= Lost River (Bering Sea) =

Lost River (Inupiaq: Amaaqtulik) is a waterway on the Seward Peninsula of the U.S. state of Alaska. Rising in the York Mountains, the river empties into the Bering Sea, 10 miles west of Port Clarence. It is located 10 miles east of Cape York.

==Geography==
Lost River has a length of about 10 miles, and drains the central part of the York Mountains. Its two tributaries, Tin Creek and Cassiterite Creek, enter from the east about 3 miles and 1 miles, respectively, from its mouth, and tin ore has been found on both of these creeks. Cassiterite Creek, which is really the larger fork of Lost River, has a length of about 3 miles. Tin Creek, about 2 miles long, heads within about 1 miles of Cassiterite Creek, and, flowing parallel with it for about the same distance, turns westward and enters Lost River through a canyon cut in the limestones of the York Mountains. Lost River itself flows in a comparatively broad valley cut in these limestones. The bed of the river is not deeply gravel filled, and the valley floor is practically cut out of the limestones and not to any extent built on them. The mouth of Cassiterite Creek is about 100 ft above the sea. Between Tin Creek aad Lost River, there is a stock of granite intruded into the limestone, which outcrops in a nearly circular area, probably 0.5 miles in diameter.

==History==
In 1898, a party of disappointed prospectors, returning from Kotzebue Sound, were shipwrecked a few miles east of the mouth of Lost River, and were obliged to camp at that point during the winter. A cabin built largely from wreckage of their schooner is known as the Kotzebue cabin. These prospectors probably first applied the name Lost River to this stream. In the succeeding summer a mining district was organized by survivors of this expedition, with headquarters located on King River, which enters Bering Sea between Lost River and Cape York. The Lost River region was included at that time in the King River recording district. No discoveries of gold were made, however, and the region was abandoned by prospectors. In the winter of 1902, prospectors again turned their attention to this region in the search for tin ore. Granite porphyry dikes, which occur in the limestones near the mouth of Lost River and also near King River, first attracted their attention, and many specimens of this were mistaken for "tin crystals," were sent to various assayers, from whom widely divergent reports were obtained. Early in the summer of 1903, Charles Randt, Leslie Crim, and Y. J. O'Brien discovered minerals in Tin Creek and made a thorough search for tin ore in that vicinity. They made a large collection of minerals, which was sent to Teller in July, 1903. Metallic tin was readily obtained from one small specimen by aid of a blowpipe, while the larger part of the collection was shown to contain minerals of no value.
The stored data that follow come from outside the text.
lemma chain_struct_finite_in_LD_Fstar:
  assumes "finite C" and "2 \<le> card C"
  shows "chain_struct b C \<in> LD_Fstar"
  using iso_to_chain_struct_finite[OF assms(1)] assms(2) unfolding LD_Fstar_def by blast

lemma chain_struct_infinite_in_LD_Fstar:
  assumes "infinite C" and "infinite (-C)"
  shows "chain_struct b C \<in> LD_Fstar"
  using iso_to_chain_struct_up[OF assms] iso_to_chain_struct_down[OF assms]
  unfolding LD_Fstar_def by (cases b) auto

lemma struct_iso_chain_struct_finite:
  assumes "finite C" and "finite C'" and "card C = card C'"
  shows "struct_iso (chain_struct b C) (chain_struct b' C')"
  using iso_to_chain_struct_finite[OF assms(1)] iso_to_chain_struct_finite[OF assms(2)] assms(3)
  by (metis struct_iso_if_iso_to)

lemma struct_iso_chain_struct_infinite:
  assumes "infinite C" "infinite (-C)" "infinite C'" "infinite (-C')"
  shows "struct_iso (chain_struct b C) (chain_struct b C')"
proof (cases b)
  case True then show ?thesis
    using struct_iso_if_iso_to iso_to_chain_struct_up assms by metis
next
  case False then show ?thesis
    using struct_iso_if_iso_to iso_to_chain_struct_down assms by metis
qed

text \<open>The least element of an increasing infinite chain lies below infinitely many elements,
  whereas in a decreasing chain every element lies below only finitely many.\<close>
lemma not_struct_iso_chain_struct_up_down:
  assumes "infinite C"
  shows "\<not> struct_iso (chain_struct True C) (chain_struct False C)"
proof
  assume "struct_iso (chain_struct True C) (chain_struct False C)"
  then obtain f where "bij f" and f: "\<And>x y. chain_struct True C x y \<longleftrightarrow> chain_struct False C (f x) (f y)"
    unfolding struct_iso_def iso_to_def by blast
  define c where "c = (LEAST x. x \<in> C)"
  have "C \<noteq> {}" using assms by auto
  then have "C \<subseteq> {y. chain_struct True C c y}"
    unfolding c_def by (auto simp: chain_struct_def intro: LeastI Least_le)
  then have "infinite (f ` {y. chain_struct True C c y})"
    using assms \<open>bij f\<close> finite_imageD finite_subset by (metis bij_def inj_on_subset subset_UNIV)
  moreover have "f ` {y. chain_struct True C c y} \<subseteq> {..f c}"
    using f by (auto simp: chain_struct_def)
  ultimately show False using finite_subset by blast
qed

lemma E0_sym: "E0 p q \<Longrightarrow> E0 q p"
  unfolding E0_def by metis

lemma E0_trans: "E0 p q \<Longrightarrow> E0 q s \<Longrightarrow> E0 p s"
  unfolding E0_def by (metis max.cobounded1 max.cobounded2 order_trans)

lemma infinite_coinfinite_set_by_extension:
  fixes F :: "nat set \<Rightarrow> nat \<Rightarrow> bool"
  assumes extend: "\<And>D M J. D \<subseteq> {..<M} \<Longrightarrow> \<exists>D' M'. D' \<subseteq> {..<M'} \<and> D' \<inter> {..<M} = D
      \<and> (\<exists>x\<in>D'. M \<le> x) \<and> (\<exists>x\<in>{M..<M'}. x \<notin> D')
      \<and> (\<exists>j\<ge>J. \<forall>C. C \<inter> {..<M'} = D' \<longrightarrow> infinite C \<longrightarrow> infinite (-C) \<longrightarrow> F C j)"
  shows "\<exists>C. infinite C \<and> infinite (-C) \<and> (\<forall>J. \<exists>j\<ge>J. F C j)"
proof -
  define good where "good n D' M' \<longleftrightarrow>
    (\<exists>j\<ge>n. \<forall>C. C \<inter> {..<M'} = D' \<longrightarrow> infinite C \<longrightarrow> infinite (-C) \<longrightarrow> F C j)" for n D' M'
  define Q where "Q n = (\<lambda>(D, M) (D', M'). D' \<inter> {..<M} = D \<and> (\<exists>x\<in>D'. M \<le> x)
    \<and> (\<exists>x\<in>{M..<M'}. x \<notin> D') \<and> good n D' M')" for n
  have "\<exists>s. \<forall>n. (\<lambda>(D, M). D \<subseteq> {..<M}) (s n) \<and> Q n (s n) (s (Suc n))"
  proof (rule dependent_nat_choice)
    fix x :: "nat set \<times> nat" and n
    assume "case x of (D, M) \<Rightarrow> D \<subseteq> {..<M}"
    then show "\<exists>y. (case y of (D, M) \<Rightarrow> D \<subseteq> {..<M}) \<and> Q n x y"
      using extend unfolding Q_def good_def by (cases x) fastforce
  qed auto
  then obtain s where s: "\<And>n. fst (s n) \<subseteq> {..<snd (s n)}" and "\<And>n. Q n (s n) (s (Suc n))"
    by (metis case_prod_beta)
  then have step: "fst (s (Suc n)) \<inter> {..<snd (s n)} = fst (s n)
      \<and> (\<exists>x\<in>fst (s (Suc n)). snd (s n) \<le> x) \<and> (\<exists>x\<in>{snd (s n)..<snd (s (Suc n))}. x \<notin> fst (s (Suc n)))
      \<and> good n (fst (s (Suc n))) (snd (s (Suc n)))" for n
    unfolding Q_def by (simp add: case_prod_beta)
  define D where "D n = fst (s n)" for n
  define M where "M n = snd (s n)" for n
  have "strict_mono M"
    unfolding strict_mono_Suc_iff M_def using step by (meson atLeastLessThan_iff le_less_trans)
  then have M_ge: "n \<le> M n" and M_mono: "M n \<le> M (n + l)" for n l
    by (simp_all add: strict_mono_imp_increasing strict_mono_less_eq)
  have D_stable: "D (n + l) \<inter> {..<M n} = D n" for n l
  proof (induction l)
    case (Suc l)
    have "D (Suc (n + l)) \<inter> {..<M n} = D (Suc (n + l)) \<inter> {..<M (n + l)} \<inter> {..<M n}"
      using M_mono[of n l] by auto
    then show ?case using step[of "n + l"] Suc.IH by (simp add: D_def M_def)
  qed (use s in \<open>auto simp: D_def M_def\<close>)
  define C where "C = (\<Union>n. D n)"
  have C_below: "C \<inter> {..<M n} = D n" for n
  proof
    show "C \<inter> {..<M n} \<subseteq> D n"
    proof
      fix x assume "x \<in> C \<inter> {..<M n}"
      then obtain l where "x \<in> D l" "x < M n" unfolding C_def by blast
      then have "x \<in> D (n + l)" using D_stable[of l n] by (auto simp: add.commute)
      then show "x \<in> D n" using D_stable[of n l] \<open>x < M n\<close> by blast
    qed
    show "D n \<subseteq> C \<inter> {..<M n}" using s unfolding C_def D_def M_def by blast
  qed
  have "infinite C"
    unfolding infinite_nat_iff_unbounded_le
  proof
    fix n
    obtain x where "x \<in> D (Suc n)" "M n \<le> x" using step[of n] by (auto simp: D_def M_def)
    then show "\<exists>x\<ge>n. x \<in> C" using M_ge[of n] unfolding C_def by (meson UN_I UNIV_I order_trans)
  qed
  moreover have "infinite (-C)"
    unfolding infinite_nat_iff_unbounded_le
  proof
    fix n
    obtain x where "x \<in> {M n..<M (Suc n)}" "x \<notin> D (Suc n)" using step[of n] by (auto simp: D_def M_def)
    then show "\<exists>x\<ge>n. x \<in> -C" using M_ge[of n] C_below[of "Suc n"] by auto
  qed
  moreover have "\<exists>j\<ge>J. F C j" for J
    using step[of J] C_below[of "Suc J"] \<open>infinite C\<close> \<open>infinite (-C)\<close>
    unfolding good_def D_def M_def by blast
  ultimately show ?thesis by blast
qed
The collection was of sufficient interest to tempt an examination of the locality in detail where there was evidence of tin ore which had been seen in Teller to the granitic dike on Cassiterite Creek, and also to obtain specimens of stannite ore from Tin Creek. Since this examination the dike described has been called "Cassiterite ledge" in location notices, and it has been definitely traced through a group of four claims. A crosscut trench has been made near the Cassiterite Creek end of the ledge, which, it is reported, shows that the ledge has a width of 100 feet and that cassiterite is disseminated throughout the rock.